We feel lonely because we realize we alone (however great we may be at self-sufficiency, sacrifice, and independence) cannot make ourselves complete. We may have great qualities, but they fall short of making us feel complete. Hence, the want has surfaced beyond all the suppression, and the heart is looking for a companion again. We need to identify all those things which we lack and focus on balancing them out. This will move us closer to feeling complete; it will instil a sense of achievement in us. We will reduce the dependency on seeking it outside our boundaries. The loneliness shall reduce but not disappear. At least, not that quickly.
We are adequate in so many ways, but our work in the spiritual space needs to be balanced by something or someone in the physical space. Someone who will make us feel complete. Someone who can believe in our work and offer us balance. That is why we feel lonely. Bigger things are planned for us, but we must meet them after we achieve success in spirituality.

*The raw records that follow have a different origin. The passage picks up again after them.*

theorem lemma3p4:
  fixes sc :: "complex \<Rightarrow> 'h::ab_group_add \<Rightarrow> 'h" and ip :: "'h \<Rightarrow> 'h \<Rightarrow> complex"
    and A :: "('h \<Rightarrow> 'h) set"
    and scE :: "complex \<Rightarrow> 'e::ab_group_add \<Rightarrow> 'e" and actE :: "'e \<Rightarrow> ('h \<Rightarrow> 'h) \<Rightarrow> 'e"
    and ipE :: "'e \<Rightarrow> 'e \<Rightarrow> ('h \<Rightarrow> 'h)"
    and scF :: "complex \<Rightarrow> 'f::ab_group_add \<Rightarrow> 'f" and actF :: "'f \<Rightarrow> ('h \<Rightarrow> 'h) \<Rightarrow> 'f"
    and ipF :: "'f \<Rightarrow> 'f \<Rightarrow> ('h \<Rightarrow> 'h)"
    and \<delta> \<epsilon> :: real and \<eta> :: 'h
  assumes delta: "0 \<le> \<delta>" "\<delta> < 1" and eps: "0 \<le> \<epsilon>" "\<epsilon> < 1"
    and H: "complex_hilbert_space sc ip"
    and A: "cstar_algebra_between sc ip A"
    and E: "inner_product_module sc ip A scE actE ipE"
    and F: "inner_product_module sc ip A scF actF ipF"
    and unit: "ip \<eta> \<eta> = 1"
  shows "(\<forall>x\<in>cut_space actE (rank_one sc ip \<eta> \<eta>). \<forall>y\<in>cut_space actE (rank_one sc ip \<eta> \<eta>).
            space_orth ip ipE \<delta> x y \<longleftrightarrow> module_orth ip ipE \<delta> x y)
       \<and> (\<forall>T :: 'e \<Rightarrow> 'f.
            (\<forall>x y. T (x + y) = T x + T y) \<and> (\<forall>c x. T (scE c x) = scF c (T x)) \<and>
            (\<forall>a\<in>A. \<forall>x. T (actE x a) = actF (T x) a) \<and>
            (\<forall>x y. module_orth ip ipE \<delta> x y \<longrightarrow> module_orth ip ipF \<epsilon> (T x) (T y))
          \<longrightarrow>
            T ` cut_space actE (rank_one sc ip \<eta> \<eta>) \<subseteq> cut_space actF (rank_one sc ip \<eta> \<eta>) \<and>
            (\<forall>x\<in>cut_space actE (rank_one sc ip \<eta> \<eta>). \<forall>y\<in>cut_space actE (rank_one sc ip \<eta> \<eta>).
               T (x + y) = T x + T y) \<and>
            (\<forall>c. \<forall>x\<in>cut_space actE (rank_one sc ip \<eta> \<eta>). T (scE c x) = scF c (T x)) \<and>
            (\<forall>x\<in>cut_space actE (rank_one sc ip \<eta> \<eta>). \<forall>y\<in>cut_space actE (rank_one sc ip \<eta> \<eta>).
               space_orth ip ipE \<delta> x y \<longrightarrow> space_orth ip ipF \<epsilon> (T x) (T y)))"
proof -
  interpret hilbert_unit_vector sc ip \<eta>
    using H unit by (simp add: hilbert_unit_vector_def hilbert_unit_vector_axioms_def)
  note orth_E = space_orth_iff_module_orth[OF A E] and orth_F = space_orth_iff_module_orth[OF A F]
  have "T ` cut_space actE proj \<subseteq> cut_space actF proj"
    if "\<forall>a\<in>A. \<forall>x. T (actE x a) = actF (T x) a" for T :: "'e \<Rightarrow> 'f"
    using that proj_in_algebra[OF A E] unfolding cut_space_def by auto
  with orth_E orth_F show ?thesis
    by (simp add: image_subset_iff)
qed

Until then, we must learn to control our minds and look inside it for the answer. We don’t need to worry. Everything takes time. This life is a test of patience.

 

寂寞

有多寂寞都是人為的:我們所感覺的,比實際上要深刻得多。
寂寞是抽離的。為什麼我們知道自己能不假外求時,還想有人陪伴?
不假外求的感覺,源於慾望的抑制。人類天生慾望無窮。我們永遠不能放棄慾望,因為慾望的抑制本身亦是慾望。那麼我們為何不索性承認慾望存在,而非去抑壓它們不可?
承認和抑制有著差異。
承認是知道某樣東西存在,並接受它目前的狀態,也接納它可能未來會改變。我們還可應付相關的好或壞,因為已意識到這是整件事情的一部份。就像玫瑰再美也生有刺,我們知道美麗尖銳並存。它們顏色及用途或有不同,但他們共存,而我們接受了。
然而,抑壓是不同的。抑制是故意選擇忽略某樣東西。禁食的人會有飢餓感,但他選擇無視身體的呼救。他限制身體必需品—即食物的攝取。同樣,通過抑壓慾望,我們選擇忽略真正想要的。我們犧牲。我們輸了。我們不讓心靈得到滿足。我們拒絕滋養它。這太可怕了。

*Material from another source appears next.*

(* Let $n\in\mathbb{N}$, let $c=(c_{i,j})$ be an $n\times(n+1)$ matrix with entries in $\{0,1\}$ such that every row and every column contains at least one entry equal to $1$, let $\sigma_1,\ldots,\sigma_n>0$, $\gamma_1,\ldots,\gamma_{n+1}>0$ with $\gamma^\ast=\gamma_1+\cdots+\gamma_{n+1}>1$. Let $\mathbf{X}=(X_1,\ldots,X_n)'$ have decumulative distribution function \[ \mathbf{P}[X_1>x_1,\ldots,X_n>x_n]=\prod_{j=1}^{n+1}\left(1+\sum_{i=1}^n\frac{c_{i,j}}{\sigma_i}x_i\right)^{-\gamma_j},\quad (x_1,\ldots,x_n)'\in(0,\infty)^n, \] and $X_-=\min_{1\le i\le n}X_i$. For $j=1,\ldots,n+1$ put $\alpha_j=\left(\sum_{i=1}^nc_{i,j}/\sigma_i\right)^{-1}$ and $\alpha_+(\boldsymbol{\sigma})=\max_{1\le j\le n+1}\alpha_j$. Let $K$ be a nonnegative integer-valued random variable with $p_k=\mathbf{P}[K=k]=c_+\delta_k$, $k=0,1,\ldots$, where $c_+=\prod_{j=1}^{n+1}(\alpha_j/\alpha_+(\boldsymbol{\sigma}))^{\gamma_j}$, $\delta_0=1$ and $\delta_k=k^{-1}\sum_{l=1}^k\sum_{j=1}^{n+1}\gamma_j(1-\alpha_j/\alpha_+(\boldsymbol{\sigma}))^l\delta_{k-l}$ for $k>0$. Then $X_-\sim Pa(II)(\alpha_+(\boldsymbol{\sigma}),\gamma^\ast+K)$, i.e. \[ \mathbf{P}[X_->x]=\sum_{k=0}^\infty p_k\left(1+\frac{x}{\alpha_+(\boldsymbol{\sigma})}\right)^{-(\gamma^\ast+k)},\quad x>0. \]
   Context: $Pa(II)(\sigma,\alpha)$ is the Pareto distribution of the 2nd kind with decumulative distribution function $(1+x/\sigma)^{-\alpha}$, $x>0$; with a random tail index $\gamma^\ast+K$ it denotes the corresponding mixture over the law of $K$. *)

theory Defs
  imports "HOL-Probability.Probability"
begin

通過抑壓以達致不假外求的想法是錯誤、無益,並且適得其反。但是,若這份不假外求與共享、行善相連接;它就有正面含意。比方說,我們已滿足於擁有兩件外套,需要多一件外套。但有人送了一件給我們。 當然,我們可以選擇收下。但若我們無此需要,我們可以選擇將外套其中一件送給有需要的人,例如在街頭乞討的老人。這種源於不假外求的犧牲和分擔,是不錯的。這讓我們感覺更好。我們的杯子滿溢了,也有能力去享受它。
分離始終是由自己或權威人物強加於自己身上。與某樣東西分離,在心靈及腦海裡以前的位置留下了空虛。這空虛需要其他東西填補。當然,我們可以選擇把自己放這空虛裡面。我們就這樣如此填補了自己。我們並不需要,亦不用依靠他人。我們成為自己的終身伴侶。因此,分離本身需要伴侶,而所謂的不假外求,不過是慾望的抑壓。
那什麼是孤獨?我們為什麼覺得孤獨?
大家感到孤獨,因為明白孤身一人(不管如何不假外求、犧牲和獨立),總不能令自己完整。我們或具備上述可貴特質,但永不會感到完整。因此,慾望衝破了一切的抑制,而內心要再另找伴侶了。我們需要找出全部所缺乏的,著力平衡這些欠缺。這將會令我們感到更完整;及灌輸成就感。自身極限之外尋求成就感的依賴會減輕。寂寞會減退,但不會消失。至少,不那麼快。
我們在很多方面己滿足,但大家於心靈層面的工作,需要由現實中的某人或某物以平衡。一位令我們感到完整的人。一個相信我們所做的,並提供平衡的人。這正是我們為什麼覺得寂寞。更大的事情正為我們計劃中,但要先獲得心靈上的豐盛,才需我們去面對它們。在此之前,必須學會制約自己的思想,並從中尋找答案。我們不需擔心。一切都需要時間。這一世乃是耐性的考驗。